Reproduce the records exactly through the line with "using insert".

— Collected data entries —
········

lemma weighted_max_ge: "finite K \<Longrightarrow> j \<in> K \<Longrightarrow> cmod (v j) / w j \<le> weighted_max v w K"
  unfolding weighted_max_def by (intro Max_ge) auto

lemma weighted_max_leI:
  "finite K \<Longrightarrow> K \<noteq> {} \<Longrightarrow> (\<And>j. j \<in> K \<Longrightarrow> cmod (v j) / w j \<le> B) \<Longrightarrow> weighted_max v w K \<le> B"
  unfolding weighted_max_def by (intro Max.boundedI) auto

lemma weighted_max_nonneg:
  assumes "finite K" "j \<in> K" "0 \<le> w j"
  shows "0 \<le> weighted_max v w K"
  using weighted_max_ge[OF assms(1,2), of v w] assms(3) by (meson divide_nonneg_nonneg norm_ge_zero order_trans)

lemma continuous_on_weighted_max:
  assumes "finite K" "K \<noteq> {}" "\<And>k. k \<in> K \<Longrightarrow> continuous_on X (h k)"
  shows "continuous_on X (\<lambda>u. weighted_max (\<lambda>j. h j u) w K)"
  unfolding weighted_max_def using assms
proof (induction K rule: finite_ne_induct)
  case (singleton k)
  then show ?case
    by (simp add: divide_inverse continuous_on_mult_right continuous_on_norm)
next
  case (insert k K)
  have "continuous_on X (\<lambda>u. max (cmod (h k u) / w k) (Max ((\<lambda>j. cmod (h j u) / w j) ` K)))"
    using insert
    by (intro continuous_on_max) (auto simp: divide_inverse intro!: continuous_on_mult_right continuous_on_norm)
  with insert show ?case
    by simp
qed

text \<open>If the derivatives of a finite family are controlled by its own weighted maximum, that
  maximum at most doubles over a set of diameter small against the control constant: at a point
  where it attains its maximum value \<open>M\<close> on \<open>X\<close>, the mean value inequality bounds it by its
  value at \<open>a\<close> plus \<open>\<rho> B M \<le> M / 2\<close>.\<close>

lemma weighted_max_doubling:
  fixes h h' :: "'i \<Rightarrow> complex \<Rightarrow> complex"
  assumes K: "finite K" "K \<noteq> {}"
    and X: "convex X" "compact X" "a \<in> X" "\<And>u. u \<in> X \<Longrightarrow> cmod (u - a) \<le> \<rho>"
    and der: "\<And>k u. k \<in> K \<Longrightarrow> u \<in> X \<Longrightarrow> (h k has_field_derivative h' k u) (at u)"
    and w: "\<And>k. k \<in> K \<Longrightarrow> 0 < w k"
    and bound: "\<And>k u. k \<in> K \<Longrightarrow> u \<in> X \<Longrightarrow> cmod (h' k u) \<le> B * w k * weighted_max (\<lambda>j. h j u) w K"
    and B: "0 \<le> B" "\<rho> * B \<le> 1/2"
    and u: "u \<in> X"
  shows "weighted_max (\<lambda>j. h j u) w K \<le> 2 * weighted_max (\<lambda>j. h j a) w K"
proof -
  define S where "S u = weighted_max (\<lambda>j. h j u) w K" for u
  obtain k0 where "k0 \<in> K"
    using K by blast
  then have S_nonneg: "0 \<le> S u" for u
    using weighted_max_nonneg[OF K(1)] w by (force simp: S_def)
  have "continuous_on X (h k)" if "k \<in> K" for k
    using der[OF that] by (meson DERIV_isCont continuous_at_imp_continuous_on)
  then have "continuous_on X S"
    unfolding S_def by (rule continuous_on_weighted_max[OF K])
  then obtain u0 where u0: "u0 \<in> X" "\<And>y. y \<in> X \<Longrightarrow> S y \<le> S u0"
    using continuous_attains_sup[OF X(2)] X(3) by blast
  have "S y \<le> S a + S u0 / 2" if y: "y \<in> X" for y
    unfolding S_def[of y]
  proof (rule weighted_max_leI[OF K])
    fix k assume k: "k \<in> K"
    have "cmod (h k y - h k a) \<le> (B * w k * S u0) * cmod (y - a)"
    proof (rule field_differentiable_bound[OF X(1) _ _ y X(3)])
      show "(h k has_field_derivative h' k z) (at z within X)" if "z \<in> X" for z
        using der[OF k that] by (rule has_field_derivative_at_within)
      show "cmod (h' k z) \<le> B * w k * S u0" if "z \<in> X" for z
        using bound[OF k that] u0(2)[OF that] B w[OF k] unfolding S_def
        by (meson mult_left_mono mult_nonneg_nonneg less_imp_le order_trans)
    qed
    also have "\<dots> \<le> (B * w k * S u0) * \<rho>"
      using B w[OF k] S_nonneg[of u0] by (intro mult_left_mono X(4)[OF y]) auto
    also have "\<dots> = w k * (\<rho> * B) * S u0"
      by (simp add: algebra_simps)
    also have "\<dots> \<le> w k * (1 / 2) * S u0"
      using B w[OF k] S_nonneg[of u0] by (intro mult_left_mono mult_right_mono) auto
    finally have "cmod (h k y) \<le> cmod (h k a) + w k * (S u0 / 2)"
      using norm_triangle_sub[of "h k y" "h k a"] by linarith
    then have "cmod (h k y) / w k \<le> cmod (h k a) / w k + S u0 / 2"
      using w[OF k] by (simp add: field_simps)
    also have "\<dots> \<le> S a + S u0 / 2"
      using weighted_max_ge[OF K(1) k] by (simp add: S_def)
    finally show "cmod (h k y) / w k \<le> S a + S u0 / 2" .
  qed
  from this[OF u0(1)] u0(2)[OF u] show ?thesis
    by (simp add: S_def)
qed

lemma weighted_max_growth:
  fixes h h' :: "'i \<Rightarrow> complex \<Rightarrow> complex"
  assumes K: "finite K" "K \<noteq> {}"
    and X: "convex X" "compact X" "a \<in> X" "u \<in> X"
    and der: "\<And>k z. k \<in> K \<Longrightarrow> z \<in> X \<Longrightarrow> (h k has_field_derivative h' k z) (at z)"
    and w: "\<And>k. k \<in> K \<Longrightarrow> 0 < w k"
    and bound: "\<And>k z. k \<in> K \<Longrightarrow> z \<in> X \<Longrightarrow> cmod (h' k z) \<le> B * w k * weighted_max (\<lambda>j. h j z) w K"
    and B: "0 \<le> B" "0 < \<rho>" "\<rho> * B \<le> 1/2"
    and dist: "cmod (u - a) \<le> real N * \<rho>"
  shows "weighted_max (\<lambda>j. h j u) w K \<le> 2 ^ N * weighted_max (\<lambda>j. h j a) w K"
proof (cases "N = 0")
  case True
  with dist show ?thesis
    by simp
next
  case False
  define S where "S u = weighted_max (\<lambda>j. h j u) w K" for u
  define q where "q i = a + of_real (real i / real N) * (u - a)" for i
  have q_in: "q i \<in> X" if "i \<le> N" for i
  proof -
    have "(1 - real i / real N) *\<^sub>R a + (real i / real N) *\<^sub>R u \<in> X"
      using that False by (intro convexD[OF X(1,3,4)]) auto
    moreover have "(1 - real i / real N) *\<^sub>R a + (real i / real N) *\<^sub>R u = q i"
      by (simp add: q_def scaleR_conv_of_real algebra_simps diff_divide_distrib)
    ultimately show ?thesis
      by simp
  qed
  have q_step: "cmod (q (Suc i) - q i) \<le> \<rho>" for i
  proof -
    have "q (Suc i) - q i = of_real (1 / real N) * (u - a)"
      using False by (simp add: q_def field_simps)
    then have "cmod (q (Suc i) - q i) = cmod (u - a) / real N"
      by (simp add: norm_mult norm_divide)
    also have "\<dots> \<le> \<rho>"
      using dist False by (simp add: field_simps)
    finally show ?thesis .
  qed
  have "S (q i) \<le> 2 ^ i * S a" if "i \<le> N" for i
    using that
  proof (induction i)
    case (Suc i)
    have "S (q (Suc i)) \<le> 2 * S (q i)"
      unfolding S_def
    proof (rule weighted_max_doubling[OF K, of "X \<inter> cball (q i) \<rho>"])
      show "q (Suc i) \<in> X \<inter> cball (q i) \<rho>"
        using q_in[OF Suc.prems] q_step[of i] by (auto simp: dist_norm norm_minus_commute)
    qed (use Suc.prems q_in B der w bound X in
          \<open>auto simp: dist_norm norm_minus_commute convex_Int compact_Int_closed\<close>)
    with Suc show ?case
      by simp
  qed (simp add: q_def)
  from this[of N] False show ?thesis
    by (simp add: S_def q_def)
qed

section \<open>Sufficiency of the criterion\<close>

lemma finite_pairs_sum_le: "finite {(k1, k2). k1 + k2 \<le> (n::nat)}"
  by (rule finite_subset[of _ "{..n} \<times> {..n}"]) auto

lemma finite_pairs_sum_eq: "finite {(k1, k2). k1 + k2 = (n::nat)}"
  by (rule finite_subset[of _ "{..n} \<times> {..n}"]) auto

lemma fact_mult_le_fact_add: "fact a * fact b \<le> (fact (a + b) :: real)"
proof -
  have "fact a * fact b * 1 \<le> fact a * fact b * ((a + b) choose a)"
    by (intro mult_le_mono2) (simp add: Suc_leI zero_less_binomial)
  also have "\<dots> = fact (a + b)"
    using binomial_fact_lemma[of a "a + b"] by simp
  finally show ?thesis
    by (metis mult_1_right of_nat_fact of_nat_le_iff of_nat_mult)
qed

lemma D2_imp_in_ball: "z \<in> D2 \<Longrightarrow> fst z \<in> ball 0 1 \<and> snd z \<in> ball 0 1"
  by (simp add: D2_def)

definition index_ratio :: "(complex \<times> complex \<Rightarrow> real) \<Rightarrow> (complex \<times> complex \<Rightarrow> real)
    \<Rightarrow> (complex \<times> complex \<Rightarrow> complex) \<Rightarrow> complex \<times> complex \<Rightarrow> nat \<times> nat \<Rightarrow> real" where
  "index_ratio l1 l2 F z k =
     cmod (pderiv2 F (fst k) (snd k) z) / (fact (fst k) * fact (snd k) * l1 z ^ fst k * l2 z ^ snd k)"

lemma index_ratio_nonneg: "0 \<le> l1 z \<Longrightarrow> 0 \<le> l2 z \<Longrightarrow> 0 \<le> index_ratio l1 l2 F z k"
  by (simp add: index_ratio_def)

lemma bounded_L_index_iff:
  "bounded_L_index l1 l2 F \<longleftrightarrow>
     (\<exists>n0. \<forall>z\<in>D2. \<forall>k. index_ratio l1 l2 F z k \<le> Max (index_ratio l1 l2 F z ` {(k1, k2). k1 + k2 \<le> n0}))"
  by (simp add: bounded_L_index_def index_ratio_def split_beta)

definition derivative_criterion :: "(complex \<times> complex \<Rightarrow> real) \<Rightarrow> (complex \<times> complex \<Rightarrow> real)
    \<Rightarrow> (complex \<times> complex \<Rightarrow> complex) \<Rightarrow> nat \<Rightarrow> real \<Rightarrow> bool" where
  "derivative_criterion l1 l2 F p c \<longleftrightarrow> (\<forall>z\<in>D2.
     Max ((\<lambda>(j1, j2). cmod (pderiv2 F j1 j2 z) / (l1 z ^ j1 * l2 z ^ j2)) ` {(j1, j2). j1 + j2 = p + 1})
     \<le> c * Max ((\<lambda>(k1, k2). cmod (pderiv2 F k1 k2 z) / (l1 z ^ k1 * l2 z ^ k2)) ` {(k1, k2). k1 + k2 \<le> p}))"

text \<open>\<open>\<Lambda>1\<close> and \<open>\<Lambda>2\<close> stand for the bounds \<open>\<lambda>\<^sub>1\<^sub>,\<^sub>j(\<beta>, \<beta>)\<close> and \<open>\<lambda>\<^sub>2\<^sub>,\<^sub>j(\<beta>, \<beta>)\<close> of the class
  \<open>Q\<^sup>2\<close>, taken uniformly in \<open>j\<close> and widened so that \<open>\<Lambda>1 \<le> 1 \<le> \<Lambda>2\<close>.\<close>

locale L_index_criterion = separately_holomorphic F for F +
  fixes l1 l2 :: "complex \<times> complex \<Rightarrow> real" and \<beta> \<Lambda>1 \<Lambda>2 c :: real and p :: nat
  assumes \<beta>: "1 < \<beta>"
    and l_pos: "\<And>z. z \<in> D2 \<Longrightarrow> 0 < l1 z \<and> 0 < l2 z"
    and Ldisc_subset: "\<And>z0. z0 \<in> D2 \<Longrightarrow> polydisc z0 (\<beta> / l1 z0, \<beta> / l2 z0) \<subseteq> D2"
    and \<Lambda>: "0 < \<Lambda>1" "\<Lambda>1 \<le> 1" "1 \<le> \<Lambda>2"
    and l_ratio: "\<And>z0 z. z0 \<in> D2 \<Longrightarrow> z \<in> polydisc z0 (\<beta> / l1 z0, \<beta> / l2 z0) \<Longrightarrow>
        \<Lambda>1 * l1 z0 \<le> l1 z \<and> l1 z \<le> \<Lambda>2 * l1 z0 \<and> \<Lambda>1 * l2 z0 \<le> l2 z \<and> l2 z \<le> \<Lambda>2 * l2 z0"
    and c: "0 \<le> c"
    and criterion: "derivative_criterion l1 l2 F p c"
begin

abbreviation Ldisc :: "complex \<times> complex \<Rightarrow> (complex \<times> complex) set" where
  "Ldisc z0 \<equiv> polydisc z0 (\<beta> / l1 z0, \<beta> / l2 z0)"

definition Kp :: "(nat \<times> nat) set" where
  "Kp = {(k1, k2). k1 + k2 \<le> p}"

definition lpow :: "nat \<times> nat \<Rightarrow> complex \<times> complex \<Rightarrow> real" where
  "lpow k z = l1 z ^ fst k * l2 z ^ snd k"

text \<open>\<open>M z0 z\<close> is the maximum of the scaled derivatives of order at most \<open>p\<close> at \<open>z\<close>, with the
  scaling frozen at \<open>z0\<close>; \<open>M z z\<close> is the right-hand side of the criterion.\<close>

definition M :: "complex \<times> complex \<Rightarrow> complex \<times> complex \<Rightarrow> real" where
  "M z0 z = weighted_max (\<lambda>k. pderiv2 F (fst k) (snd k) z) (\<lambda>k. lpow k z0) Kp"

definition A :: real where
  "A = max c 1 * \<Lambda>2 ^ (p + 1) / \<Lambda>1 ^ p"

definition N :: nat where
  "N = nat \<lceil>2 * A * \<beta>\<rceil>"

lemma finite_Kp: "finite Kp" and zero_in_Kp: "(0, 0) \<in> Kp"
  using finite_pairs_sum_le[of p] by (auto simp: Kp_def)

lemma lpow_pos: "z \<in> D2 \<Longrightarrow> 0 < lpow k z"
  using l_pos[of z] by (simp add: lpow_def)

········

— EXERCISE OUTPUT —
lemma weighted_max_ge: "finite K \<Longrightarrow> j \<in> K \<Longrightarrow> cmod (v j) / w j \<le> weighted_max v w K"
  unfolding weighted_max_def by (intro Max_ge) auto

lemma weighted_max_leI:
  "finite K \<Longrightarrow> K \<noteq> {} \<Longrightarrow> (\<And>j. j \<in> K \<Longrightarrow> cmod (v j) / w j \<le> B) \<Longrightarrow> weighted_max v w K \<le> B"
  unfolding weighted_max_def by (intro Max.boundedI) auto

lemma weighted_max_nonneg:
  assumes "finite K" "j \<in> K" "0 \<le> w j"
  shows "0 \<le> weighted_max v w K"
  using weighted_max_ge[OF assms(1,2), of v w] assms(3) by (meson divide_nonneg_nonneg norm_ge_zero order_trans)

lemma continuous_on_weighted_max:
  assumes "finite K" "K \<noteq> {}" "\<And>k. k \<in> K \<Longrightarrow> continuous_on X (h k)"
  shows "continuous_on X (\<lambda>u. weighted_max (\<lambda>j. h j u) w K)"
  unfolding weighted_max_def using assms
proof (induction K rule: finite_ne_induct)
  case (singleton k)
  then show ?case
    by (simp add: divide_inverse continuous_on_mult_right continuous_on_norm)
next
  case (insert k K)
  have "continuous_on X (\<lambda>u. max (cmod (h k u) / w k) (Max ((\<lambda>j. cmod (h j u) / w j) ` K)))"
    using insert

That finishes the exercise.